WHAT IS BEING ASKED:
Your output should be the lines from the one with "text \<open>Generating function" through the end of the entries below, set down word for word and nothing else.

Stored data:
(* Let $q(k)=Q[q_{0,0}(k)]$ for $k\in\mathbb N$. Then for all $s\in[0,1]$ and $t\in\mathbb N$, $$P[s^{|B_t|}]\ge(\underbrace{\hat q\circ\cdots\circ\hat q}_{t})(s).$$
   Context: BRWRE on $\mathbb Z^d$, with $\mathbb N=\{0,1,\dots\}$. The environment $\mathbf q=(q_{t,x})_{(t,x)\in\mathbb N\times\mathbb Z^d}$ consists of probability measures on $\mathbb N$, i.i.d. under $Q$. Given $\mathbf q$, under $P^{\mathbf q}$ one particle starts at the origin at time $0$. A particle at $(t,x)$ jumps to a uniformly chosen nearest neighbour of $x$ and there dies, leaving $k$ children with probability $q_{t,x}(k)$; all independently. $B_t$ is the set of particles at time $t$, and $P=\int Q(d\mathbf q)P^{\mathbf q}$. For a probability measure $q$ on $\mathbb N$, $\hat q(s)=\sum_{k\ge0}s^kq(k)$ (with $0^0=1$). *)

theory Defs
  imports "HOL-Probability.Probability"
begin

text \<open>Lattice Z^d is modelled as int^'d for a finite index type 'd (d = CARD('d)).\<close>

definition nbr_steps :: "((int ^ 'd)) set" where
  "nbr_steps = range (\<lambda>i. axis i 1) \<union> range (\<lambda>i. - axis i 1)"

definition offspring_measure :: "(nat \<Rightarrow> real) \<Rightarrow> nat measure" where
  "offspring_measure p = density (count_space UNIV) (\<lambda>k. ennreal (p k))"

text \<open>Quenched law P^q: for every space-time point (t,x) and every index i
  (the i-th particle at (t,x)) an independent pair (jump, number of children),
  the jump uniform on the 2d unit steps, the number of children with law q_{t,x}.\<close>
definition quenched_law ::
  "(nat \<times> (int ^ 'd) \<Rightarrow> nat \<Rightarrow> real) \<Rightarrow> (nat \<times> (int ^ 'd) \<times> nat \<Rightarrow> (int ^ 'd) \<times> nat) measure" where
  "quenched_law q = PiM UNIV (\<lambda>(t, x, i).
      measure_pmf (pmf_of_set nbr_steps) \<Otimes>\<^sub>M offspring_measure (q (t, x)))"

primrec occ :: "(nat \<times> (int ^ 'd) \<times> nat \<Rightarrow> (int ^ 'd) \<times> nat) \<Rightarrow> nat \<Rightarrow> (int ^ 'd) \<Rightarrow> nat" where
  "occ \<omega> 0 = (\<lambda>x. if x = 0 then 1 else 0)"
| "occ \<omega> (Suc t) = (\<lambda>y. \<Sum>x\<in>{x. occ \<omega> t x \<noteq> 0}. \<Sum>i<occ \<omega> t x.
      (if x + fst (\<omega> (t, x, i)) = y then snd (\<omega> (t, x, i)) else 0))"

definition pop :: "(nat \<times> (int ^ 'd) \<times> nat \<Rightarrow> (int ^ 'd) \<times> nat) \<Rightarrow> nat \<Rightarrow> nat" where
  "pop \<omega> t = (\<Sum>x\<in>{x. occ \<omega> t x \<noteq> 0}. occ \<omega> t x)"

definition annealed_gf ::
  "(nat \<times> (int ^ 'd) \<Rightarrow> nat \<Rightarrow> real) measure \<Rightarrow> nat \<Rightarrow> real \<Rightarrow> ennreal" where
  "annealed_gf Q t s =
     (\<integral>\<^sup>+ q. (\<integral>\<^sup>+ \<omega>. ennreal (s ^ pop \<omega> t) \<partial>quenched_law q) \<partial>Q)"

definition mean_offspring :: "(nat \<times> (int ^ 'd) \<Rightarrow> nat \<Rightarrow> real) measure \<Rightarrow> nat \<Rightarrow> real" where
  "mean_offspring Q k = (\<integral> q. q (0, 0) k \<partial>Q)"

text \<open>Generating function hat q(s) = sum_k s^k q(k) (with 0^0 = 1).\<close>
definition pgf :: "(nat \<Rightarrow> real) \<Rightarrow> real \<Rightarrow> real" where
  "pgf p s = (\<Sum>k. s ^ k * p k)"

end

theory Submission
  imports Defs "HOL-Library.Function_Algebras"
begin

YOUR RESPONSE:
text \<open>Generating function hat q(s) = sum_k s^k q(k) (with 0^0 = 1).\<close>
definition pgf :: "(nat \<Rightarrow> real) \<Rightarrow> real \<Rightarrow> real" where
  "pgf p s = (\<Sum>k. s ^ k * p k)"

end

theory Submission
  imports Defs "HOL-Library.Function_Algebras"
begin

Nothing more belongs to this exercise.